§ Your goal: Copy each line in the data below that contains the word "otimes".

[Source data]

(* Let $(G,M,\Delta)$ be a Garside structure, $\mathcal S=\mathrm{Div}(\Delta)\setminus\{1\}$ and $\lg$ the word length on $G$ with respect to $\mathcal S$. Let $\alpha\in G$ and let $\alpha=\Delta^p a$ be its left $\Delta$-form. Then: (1) if $p\ge0$, $\lg(\alpha)=\lg(a)+p$; (2) if $p\le-\lg(a)$, $\lg(\alpha)=-p$; (3) if $-\lg(a)\le p\le0$, $\lg(\alpha)=\lg(a)$. In summary, $\lg(\alpha)=\max(\lg(a)+p,\,-p,\,\lg(a))$.
   Context: Let $G$ be a group and $M$ a submonoid with $M\cap M^{-1}=\{1\}$. Define $\alpha\le_L\beta$ iff $\alpha^{-1}\beta\in M$, and $\alpha\le_R\beta$ iff $\beta\alpha^{-1}\in M$. For $a\in M$ let $\mathrm{Div}_L(a)=\{b\in M: b\le_L a\}$, $\mathrm{Div}_R(a)=\{b\in M: b\le_R a\}$; $a$ is balanced if these coincide, and then $\mathrm{Div}(a)$ denotes this set. $M$ is Noetherian if each $a\in M$ admits an $n$ such that $a$ is not a product of more than $n$ non-trivial factors. A Garside structure $(G,M,\Delta)$: $\Delta\in M$ balanced, $M$ Noetherian, $\mathrm{Div}(\Delta)$ finite and generating $M$ as a monoid and $G$ as a group, $(G,\le_L)$ a lattice. An element $a\in M$ is unmovable if $\Delta\not\le_L a$. Every $\alpha\in G$ can be written uniquely as $\alpha=\Delta^p a$ with $p\in\mathbb Z$ and $a\in M$ unmovable; this is its left $\Delta$-form. *)

theory Defs
  imports "HOL-Algebra.Algebra"
begin

definition lprod :: "('a, 'b) monoid_scheme \<Rightarrow> 'a list \<Rightarrow> 'a" where
  "lprod G xs = foldr (\<lambda>x y. x \<otimes>\<^bsub>G\<^esub> y) xs \<one>\<^bsub>G\<^esub>"

definition leL :: "('a, 'b) monoid_scheme \<Rightarrow> 'a set \<Rightarrow> 'a \<Rightarrow> 'a \<Rightarrow> bool" where
  "leL G M x y \<longleftrightarrow> inv\<^bsub>G\<^esub> x \<otimes>\<^bsub>G\<^esub> y \<in> M"

definition leR :: "('a, 'b) monoid_scheme \<Rightarrow> 'a set \<Rightarrow> 'a \<Rightarrow> 'a \<Rightarrow> bool" where
  "leR G M x y \<longleftrightarrow> y \<otimes>\<^bsub>G\<^esub> inv\<^bsub>G\<^esub> x \<in> M"

definition DivL :: "('a, 'b) monoid_scheme \<Rightarrow> 'a set \<Rightarrow> 'a \<Rightarrow> 'a set" where
  "DivL G M a = {b \<in> M. leL G M b a}"

definition DivR :: "('a, 'b) monoid_scheme \<Rightarrow> 'a set \<Rightarrow> 'a \<Rightarrow> 'a set" where
  "DivR G M a = {b \<in> M. leR G M b a}"

definition balanced :: "('a, 'b) monoid_scheme \<Rightarrow> 'a set \<Rightarrow> 'a \<Rightarrow> bool" where
  "balanced G M a \<longleftrightarrow> a \<in> M \<and> DivL G M a = DivR G M a"

text \<open>Div(a) for balanced a (defined as the left divisors).\<close>
definition Div :: "('a, 'b) monoid_scheme \<Rightarrow> 'a set \<Rightarrow> 'a \<Rightarrow> 'a set" where
  "Div G M a = DivL G M a"

definition submonoid_pointed :: "('a, 'b) monoid_scheme \<Rightarrow> 'a set \<Rightarrow> bool" where
  "submonoid_pointed G M \<longleftrightarrow> M \<subseteq> carrier G \<and> \<one>\<^bsub>G\<^esub> \<in> M
     \<and> (\<forall>x\<in>M. \<forall>y\<in>M. x \<otimes>\<^bsub>G\<^esub> y \<in> M)
     \<and> M \<inter> (\<lambda>x. inv\<^bsub>G\<^esub> x) ` M = {\<one>\<^bsub>G\<^esub>}"

definition noetherian :: "('a, 'b) monoid_scheme \<Rightarrow> 'a set \<Rightarrow> bool" where
  "noetherian G M \<longleftrightarrow> (\<forall>a\<in>M. \<exists>n::nat. \<forall>xs.
      set xs \<subseteq> M - {\<one>\<^bsub>G\<^esub>} \<and> lprod G xs = a \<longrightarrow> length xs \<le> n)"

definition leL_lattice :: "('a, 'b) monoid_scheme \<Rightarrow> 'a set \<Rightarrow> bool" where
  "leL_lattice G M \<longleftrightarrow>
     (\<forall>x\<in>carrier G. \<forall>y\<in>carrier G. \<exists>z\<in>carrier G.
        leL G M z x \<and> leL G M z y \<and> (\<forall>w\<in>carrier G. leL G M w x \<and> leL G M w y \<longrightarrow> leL G M w z)) \<and>
     (\<forall>x\<in>carrier G. \<forall>y\<in>carrier G. \<exists>z\<in>carrier G.
        leL G M x z \<and> leL G M y z \<and> (\<forall>w\<in>carrier G. leL G M x w \<and> leL G M y w \<longrightarrow> leL G M z w))"

definition garside :: "('a, 'b) monoid_scheme \<Rightarrow> 'a set \<Rightarrow> 'a \<Rightarrow> bool" where
  "garside G M \<Delta> \<longleftrightarrow> group G \<and> submonoid_pointed G M \<and> \<Delta> \<in> M \<and> balanced G M \<Delta>
     \<and> noetherian G M \<and> finite (Div G M \<Delta>)
     \<and> M = {lprod G xs | xs. set xs \<subseteq> Div G M \<Delta>}
     \<and> generate G (Div G M \<Delta>) = carrier G
     \<and> leL_lattice G M"

definition unmovable :: "('a, 'b) monoid_scheme \<Rightarrow> 'a set \<Rightarrow> 'a \<Rightarrow> 'a \<Rightarrow> bool" where
  "unmovable G M \<Delta> a \<longleftrightarrow> a \<in> M \<and> \<not> leL G M \<Delta> a"

definition word_length :: "('a, 'b) monoid_scheme \<Rightarrow> 'a set \<Rightarrow> 'a \<Rightarrow> nat" where
  "word_length G S x = (LEAST n. \<exists>xs. length xs = n
       \<and> set xs \<subseteq> S \<union> (\<lambda>s. inv\<^bsub>G\<^esub> s) ` S \<and> lprod G xs = x)"

end

theory Submission
  imports Defs
begin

§ Result of the exercise:
  "lprod G xs = foldr (\<lambda>x y. x \<otimes>\<^bsub>G\<^esub> y) xs \<one>\<^bsub>G\<^esub>"
  "leL G M x y \<longleftrightarrow> inv\<^bsub>G\<^esub> x \<otimes>\<^bsub>G\<^esub> y \<in> M"
  "leR G M x y \<longleftrightarrow> y \<otimes>\<^bsub>G\<^esub> inv\<^bsub>G\<^esub> x \<in> M"
     \<and> (\<forall>x\<in>M. \<forall>y\<in>M. x \<otimes>\<^bsub>G\<^esub> y \<in> M)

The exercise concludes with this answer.